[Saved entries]
(* Let $H=\mathbb{R}^n$ be the (not necessarily orthogonal) direct sum of two subspaces $X$ and $Y$. If $\mathcal{F}_1$ is a frame for $X$ with the exact PR-redundancy property and $\mathcal{F}_2$ is a frame for $Y$ with the exact PR-redundancy property, then $\mathcal{F}=\mathcal{F}_1\cup\mathcal{F}_2$ is a frame for $H$ with the exact PR-redundancy property.
   Context: For a finite-dimensional real inner product space $V$ (here $V=X$, $Y$, or $H$ with the inner product inherited from $\mathbb{R}^n$), a frame $\mathcal{G}=\{g_i\}_{i=1}^N$ for $V$ is a finite sequence in $V$ spanning $V$. Let $\mathcal{S}_2(V)$ be the set of self-adjoint operators on $V$ of rank at most $2$, and for $\Lambda\subseteq\{1,\dots,N\}$ let $\Theta_{L(\mathcal{G}_\Lambda)}(A)=(\langle Ag_i,g_i\rangle)_{i\in\Lambda}$ for self-adjoint $A$ on $V$. $\mathcal{G}$ has the exact PR-redundancy property (as a frame for $V$) if for every proper subset $\Lambda\subsetneq\{1,\dots,N\}$, $\ker(\Theta_{L(\mathcal{G}_\Lambda)})\cap\mathcal{S}_2(V)\neq\ker(\Theta_{L(\mathcal{G})})\cap\mathcal{S}_2(V)$. The union $\mathcal{F}_1\cup\mathcal{F}_2$ means the concatenated sequence. *)

theory Defs
  imports "HOL-Analysis.Analysis"
begin

(* Operators on a subspace V of R^n are represented canonically as linear maps on
   R^n that map V into V and vanish on the orthogonal complement of V.
   This gives a bijection with linear operators V -> V. *)
definition ops_on :: "(real^'n) set \<Rightarrow> (real^'n \<Rightarrow> real^'n) set" where
  "ops_on V = {A. linear A \<and> A ` V \<subseteq> V \<and> (\<forall>x. (\<forall>v\<in>V. v \<bullet> x = 0) \<longrightarrow> A x = 0)}"

definition S2 :: "(real^'n) set \<Rightarrow> (real^'n \<Rightarrow> real^'n) set" where
  "S2 V = {A \<in> ops_on V. (\<forall>x\<in>V. \<forall>y\<in>V. A x \<bullet> y = x \<bullet> A y) \<and> dim (A ` V) \<le> 2}"

definition kerS2 :: "(real^'n) set \<Rightarrow> (real^'n) list \<Rightarrow> nat set \<Rightarrow> (real^'n \<Rightarrow> real^'n) set" where
  "kerS2 V G \<Lambda> = {A \<in> S2 V. \<forall>i\<in>\<Lambda>. A (G ! i) \<bullet> (G ! i) = 0}"

definition is_frame :: "(real^'n) set \<Rightarrow> (real^'n) list \<Rightarrow> bool" where
  "is_frame V G \<longleftrightarrow> set G \<subseteq> V \<and> span (set G) = V"

definition exact_PR_redundancy :: "(real^'n) set \<Rightarrow> (real^'n) list \<Rightarrow> bool" where
  "exact_PR_redundancy V G \<longleftrightarrow>
     (\<forall>\<Lambda>. \<Lambda> \<subset> {..<length G} \<longrightarrow> kerS2 V G \<Lambda> \<noteq> kerS2 V G {..<length G})"

end

theory Submission
  imports Defs
begin

text \<open>Exact PR-redundancy of G means that for every j some A in S_2(V) has a quadratic form
  vanishing at every g_i with i \<noteq> j but not at g_j. If P is the projection onto X along Y,
  then P* A P is self-adjoint on H of rank at most 2, and its quadratic form at h is that of A
  at P h. So a witness A for F1 in X becomes a witness on H that is unchanged on F1 and vanishes
  on Y, in particular on F2; and symmetrically for F2.\<close>

definition PR_separates ::
    "(real^'n) set \<Rightarrow> (real^'n) list \<Rightarrow> nat \<Rightarrow> (real^'n \<Rightarrow> real^'n) \<Rightarrow> bool" where
  "PR_separates V G j A \<longleftrightarrow>
     A \<in> S2 V \<and> (\<forall>i<length G. i \<noteq> j \<longrightarrow> A (G!i) \<bullet> G!i = 0) \<and> A (G!j) \<bullet> G!j \<noteq> 0"

lemma exact_PR_redundancy_iff_separates:
  "exact_PR_redundancy V G \<longleftrightarrow> (\<forall>j<length G. \<exists>A. PR_separates V G j A)"
proof
  assume epr: "exact_PR_redundancy V G"
  show "\<forall>j<length G. \<exists>A. PR_separates V G j A"
  proof (intro allI impI)
    fix j assume j: "j < length G"
    let ?\<Lambda> = "{..<length G} - {j}"
    have "kerS2 V G {..<length G} \<subseteq> kerS2 V G ?\<Lambda>"
      unfolding kerS2_def by auto
    moreover have "?\<Lambda> \<subset> {..<length G}"
      using j by auto
    then have "kerS2 V G ?\<Lambda> \<noteq> kerS2 V G {..<length G}"
      using epr unfolding exact_PR_redundancy_def by blast
    ultimately obtain A where A: "A \<in> kerS2 V G ?\<Lambda>" "A \<notin> kerS2 V G {..<length G}"
      by blast
    then have "A \<in> S2 V" "\<forall>i<length G. i \<noteq> j \<longrightarrow> A (G!i) \<bullet> G!i = 0"
      unfolding kerS2_def by auto
    moreover have "A (G!j) \<bullet> G!j \<noteq> 0"
      using A calculation unfolding kerS2_def by auto
    ultimately show "\<exists>A. PR_separates V G j A"
      unfolding PR_separates_def by blast
  qed
next
  assume sep: "\<forall>j<length G. \<exists>A. PR_separates V G j A"
  show "exact_PR_redundancy V G"
    unfolding exact_PR_redundancy_def
  proof (intro allI impI)
    fix \<Lambda> assume \<Lambda>: "\<Lambda> \<subset> {..<length G}"
    then obtain j where j: "j < length G" "j \<notin> \<Lambda>" by auto
    then obtain A where "PR_separates V G j A" using sep by blast
    then have "A \<in> kerS2 V G \<Lambda> - kerS2 V G {..<length G}"
      using \<Lambda> j unfolding PR_separates_def kerS2_def by auto
    then show "kerS2 V G \<Lambda> \<noteq> kerS2 V G {..<length G}" by blast
  qed
qed

lemma direct_sum_projection:
  fixes X Y :: "'a::real_vector set"
  assumes "subspace X" "subspace Y" "X \<inter> Y = {0}" "X + Y = UNIV"
  obtains P where "linear P" "\<And>h. P h \<in> X" "\<And>x. x \<in> X \<Longrightarrow> P x = x" "\<And>y. y \<in> Y \<Longrightarrow> P y = 0"
proof -
  have ex: "\<exists>x. x \<in> X \<and> h - x \<in> Y" for h
  proof -
    obtain x y where "x \<in> X" "y \<in> Y" "h = x + y"
      using assms(4) by (metis UNIV_I set_plus_elim)
    then show ?thesis by (intro exI[of _ x]) auto
  qed
  have unique: "x = x'" if "x \<in> X" "h - x \<in> Y" "x' \<in> X" "h - x' \<in> Y" for h x x'
  proof -
    have "x - x' \<in> X" using assms(1) that by (simp add: subspace_diff)
    moreover have "x - x' \<in> Y" using subspace_diff[OF assms(2) that(4,2)] by simp
    ultimately have "x - x' \<in> X \<inter> Y" by simp
    then show ?thesis using assms(3) by simp
  qed
  define P where "P h = (SOME x. x \<in> X \<and> h - x \<in> Y)" for h
  have P: "P h \<in> X" "h - P h \<in> Y" for h
    unfolding P_def using someI_ex[OF ex] by blast+
  have P_eq: "P h = x" if "x \<in> X" "h - x \<in> Y" for h x
    using unique P that by blast
  have "linear P"
  proof (rule linearI)
    fix a b
    have "P a + P b \<in> X" using subspace_add[OF assms(1) P(1) P(1)] .
    moreover have "(a + b) - (P a + P b) \<in> Y"
      using subspace_add[OF assms(2) P(2) P(2), of a b] by (simp add: algebra_simps)
    ultimately show "P (a + b) = P a + P b" by (rule P_eq)
  next
    fix c :: real and a
    have "c *\<^sub>R P a \<in> X" using subspace_scale[OF assms(1) P(1)] .
    moreover have "c *\<^sub>R a - c *\<^sub>R P a \<in> Y"
      using subspace_scale[OF assms(2) P(2), of c a] by (simp add: scaleR_diff_right)
    ultimately show "P (c *\<^sub>R a) = c *\<^sub>R P a" by (rule P_eq)
  qed
  moreover have "P x = x" if "x \<in> X" for x
    using P_eq that assms(2) by (simp add: subspace_0)
  moreover have "P y = 0" if "y \<in> Y" for y
    using P_eq that assms(1) by (simp add: subspace_0)
  ultimately show thesis using that P by blast
qed

lemma pullback_in_S2:
  fixes P A :: "real^'n \<Rightarrow> real^'n"
  assumes "linear P" "\<And>h. P h \<in> X" "A \<in> S2 X"
  shows "(\<lambda>h. adjoint P (A (P h))) \<in> S2 UNIV"
proof -
  let ?B = "\<lambda>h. adjoint P (A (P h))"
  have "linear A" and A_sym: "\<forall>x\<in>X. \<forall>y\<in>X. A x \<bullet> y = x \<bullet> A y" and "dim (A ` X) \<le> 2"
    using assms(3) unfolding S2_def ops_on_def by auto
  have "linear ?B"
    using linear_compose[OF linear_compose[OF assms(1) \<open>linear A\<close>] adjoint_linear[OF assms(1)]]
    by (simp add: o_def)
  have "?B x \<bullet> y = x \<bullet> ?B y" for x y
  proof -
    have "?B x \<bullet> y = A (P x) \<bullet> P y" by (simp add: adjoint_clauses(2)[OF assms(1)])
    also have "\<dots> = P x \<bullet> A (P y)" using A_sym assms(2) by blast
    also have "\<dots> = x \<bullet> ?B y" by (simp add: adjoint_clauses(1)[OF assms(1)])
    finally show ?thesis .
  qed
  moreover have "dim (range ?B) \<le> 2"
  proof -
    have "range ?B \<subseteq> adjoint P ` (A ` X)" using assms(2) by auto
    then have "dim (range ?B) \<le> dim (adjoint P ` (A ` X))" by (rule dim_subset)
    also have "\<dots> \<le> dim (A ` X)" by (rule dim_image_le[OF adjoint_linear[OF assms(1)]])
    finally show ?thesis using \<open>dim (A ` X) \<le> 2\<close> by simp
  qed
  moreover have "?B x = 0" if "\<forall>v\<in>UNIV. v \<bullet> x = 0" for x
    using that[rule_format, of x] linear_0[OF \<open>linear ?B\<close>] by simp
  ultimately show ?thesis
    using \<open>linear ?B\<close> unfolding S2_def ops_on_def by auto
qed

lemma pullback_quadratic_form:
  fixes P A :: "real^'n \<Rightarrow> real^'n"
  assumes "linear P"
  shows "adjoint P (A (P h)) \<bullet> h = A (P h) \<bullet> P h"
  by (simp add: adjoint_clauses(2)[OF assms])

lemma PR_separates_lift_along_complement:
  fixes X Y :: "(real^'n) set" and G :: "(real^'n) list"
  assumes "subspace X" "subspace Y" "X \<inter> Y = {0}" "X + Y = UNIV"
    and "set G \<subseteq> X" "PR_separates X G j A" "j < length G"
  obtains B where "PR_separates UNIV G j B" "\<forall>y\<in>Y. B y \<bullet> y = 0"
proof -
  obtain P where P: "linear P" "\<And>h. P h \<in> X" "\<And>x. x \<in> X \<Longrightarrow> P x = x" "\<And>y. y \<in> Y \<Longrightarrow> P y = 0"
    using direct_sum_projection[OF assms(1-4)] by blast
  let ?B = "\<lambda>h. adjoint P (A (P h))"
  have "A \<in> S2 X" using assms(6) unfolding PR_separates_def by simp
  then have "A 0 = 0" unfolding S2_def ops_on_def by (auto simp: linear_0)
  have "?B (G!i) \<bullet> G!i = A (G!i) \<bullet> G!i" if "i < length G" for i
    using pullback_quadratic_form[OF P(1), of A "G!i"] P(3)[of "G!i"] assms(5) nth_mem[OF that] by auto
  then have "PR_separates UNIV G j ?B"
    using assms(6,7) pullback_in_S2[OF P(1,2) \<open>A \<in> S2 X\<close>]
    unfolding PR_separates_def by auto
  moreover have "\<forall>y\<in>Y. ?B y \<bullet> y = 0"
    by (metis P(1,4) \<open>A 0 = 0\<close> inner_zero_left pullback_quadratic_form)
  ultimately show thesis by (rule that)
qed

lemma exact_PR_redundancy_lift_along_complement:
  fixes X Y :: "(real^'n) set" and G :: "(real^'n) list"
  assumes "subspace X" "subspace Y" "X \<inter> Y = {0}" "X + Y = UNIV"
    and "is_frame X G" "exact_PR_redundancy X G"
  shows "\<forall>j<length G. \<exists>B. PR_separates UNIV G j B \<and> (\<forall>y\<in>Y. B y \<bullet> y = 0)"
proof (intro allI impI)
  fix j assume j: "j < length G"
  have "set G \<subseteq> X" using assms(5) unfolding is_frame_def by simp
  moreover obtain A where "PR_separates X G j A"
    using assms(6) j exact_PR_redundancy_iff_separates by blast
  ultimately obtain B where "PR_separates UNIV G j B" "\<forall>y\<in>Y. B y \<bullet> y = 0"
    using PR_separates_lift_along_complement[OF assms(1-4) _ _ j] by blast
  then show "\<exists>B. PR_separates UNIV G j B \<and> (\<forall>y\<in>Y. B y \<bullet> y = 0)" by blast
qed

lemma PR_separates_append_left:
  assumes "PR_separates V F1 j A" "j < length F1" "\<forall>v\<in>set F2. A v \<bullet> v = 0"
  shows "PR_separates V (F1 @ F2) j A"
  using assms unfolding PR_separates_def by (auto simp: nth_append)

lemma PR_separates_append_right:
  assumes "PR_separates V F2 k A" "\<forall>v\<in>set F1. A v \<bullet> v = 0"
  shows "PR_separates V (F1 @ F2) (length F1 + k) A"
  using assms unfolding PR_separates_def by (auto simp: nth_append)

lemma exact_PR_redundancy_appendI:
  assumes "\<forall>j<length F1. \<exists>B. PR_separates V F1 j B \<and> (\<forall>v\<in>set F2. B v \<bullet> v = 0)"
    and "\<forall>k<length F2. \<exists>B. PR_separates V F2 k B \<and> (\<forall>v\<in>set F1. B v \<bullet> v = 0)"
  shows "exact_PR_redundancy V (F1 @ F2)"
  unfolding exact_PR_redundancy_iff_separates
proof (intro allI impI)
  fix j assume j: "j < length (F1 @ F2)"
  show "\<exists>B. PR_separates V (F1 @ F2) j B"
  proof (cases "j < length F1")
    case True
    then show ?thesis using assms(1) PR_separates_append_left by blast
  next
    case False
    then obtain k where "j = length F1 + k" "k < length F2"
      using j by (metis add_diff_inverse_nat length_append nat_add_left_cancel_less)
    then show ?thesis using assms(2) PR_separates_append_right by blast
  qed
qed

lemma frame_append_direct_sum:
  assumes "is_frame X F1" "is_frame Y F2" "{x + y | x y. x \<in> X \<and> y \<in> Y} = UNIV"
  shows "is_frame UNIV (F1 @ F2)"
  using assms span_Un[of "set F1" "set F2"] unfolding is_frame_def by simp

theorem lemma1p8:
  fixes X Y :: "(real^'n) set" and F1 F2 :: "(real^'n) list"
  assumes "subspace X" and "subspace Y"
    and "X \<inter> Y = {0}"
    and "{x + y | x y. x \<in> X \<and> y \<in> Y} = UNIV"
    and "is_frame X F1" and "exact_PR_redundancy X F1"
    and "is_frame Y F2" and "exact_PR_redundancy Y F2"
  shows "is_frame UNIV (F1 @ F2) \<and> exact_PR_redundancy UNIV (F1 @ F2)"
proof
  show "is_frame UNIV (F1 @ F2)" using frame_append_direct_sum assms(4,5,7) by blast
  have "X + Y = {x + y | x y. x \<in> X \<and> y \<in> Y}" by (auto simp: set_plus_def)
  then have "X + Y = UNIV" "Y + X = UNIV" using assms(4) by (simp_all add: add.commute)
  moreover have "Y \<inter> X = {0}" using assms(3) by blast
  moreover have "set F1 \<subseteq> X" "set F2 \<subseteq> Y"
    using assms(5,7) unfolding is_frame_def by auto
  ultimately show "exact_PR_redundancy UNIV (F1 @ F2)"
    using exact_PR_redundancy_lift_along_complement[OF assms(1-3) _ assms(5,6)]
      exact_PR_redundancy_lift_along_complement[OF assms(2,1) _ _ assms(7,8)]
    by (intro exact_PR_redundancy_appendI) (meson subsetD)+
qed

end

→ To do
List every line in the records above that contains the word "unique".

→ Final answer
  have unique: "x = x'" if "x \<in> X" "h - x \<in> Y" "x' \<in> X" "h - x' \<in> Y" for h x x'
    using unique P that by blast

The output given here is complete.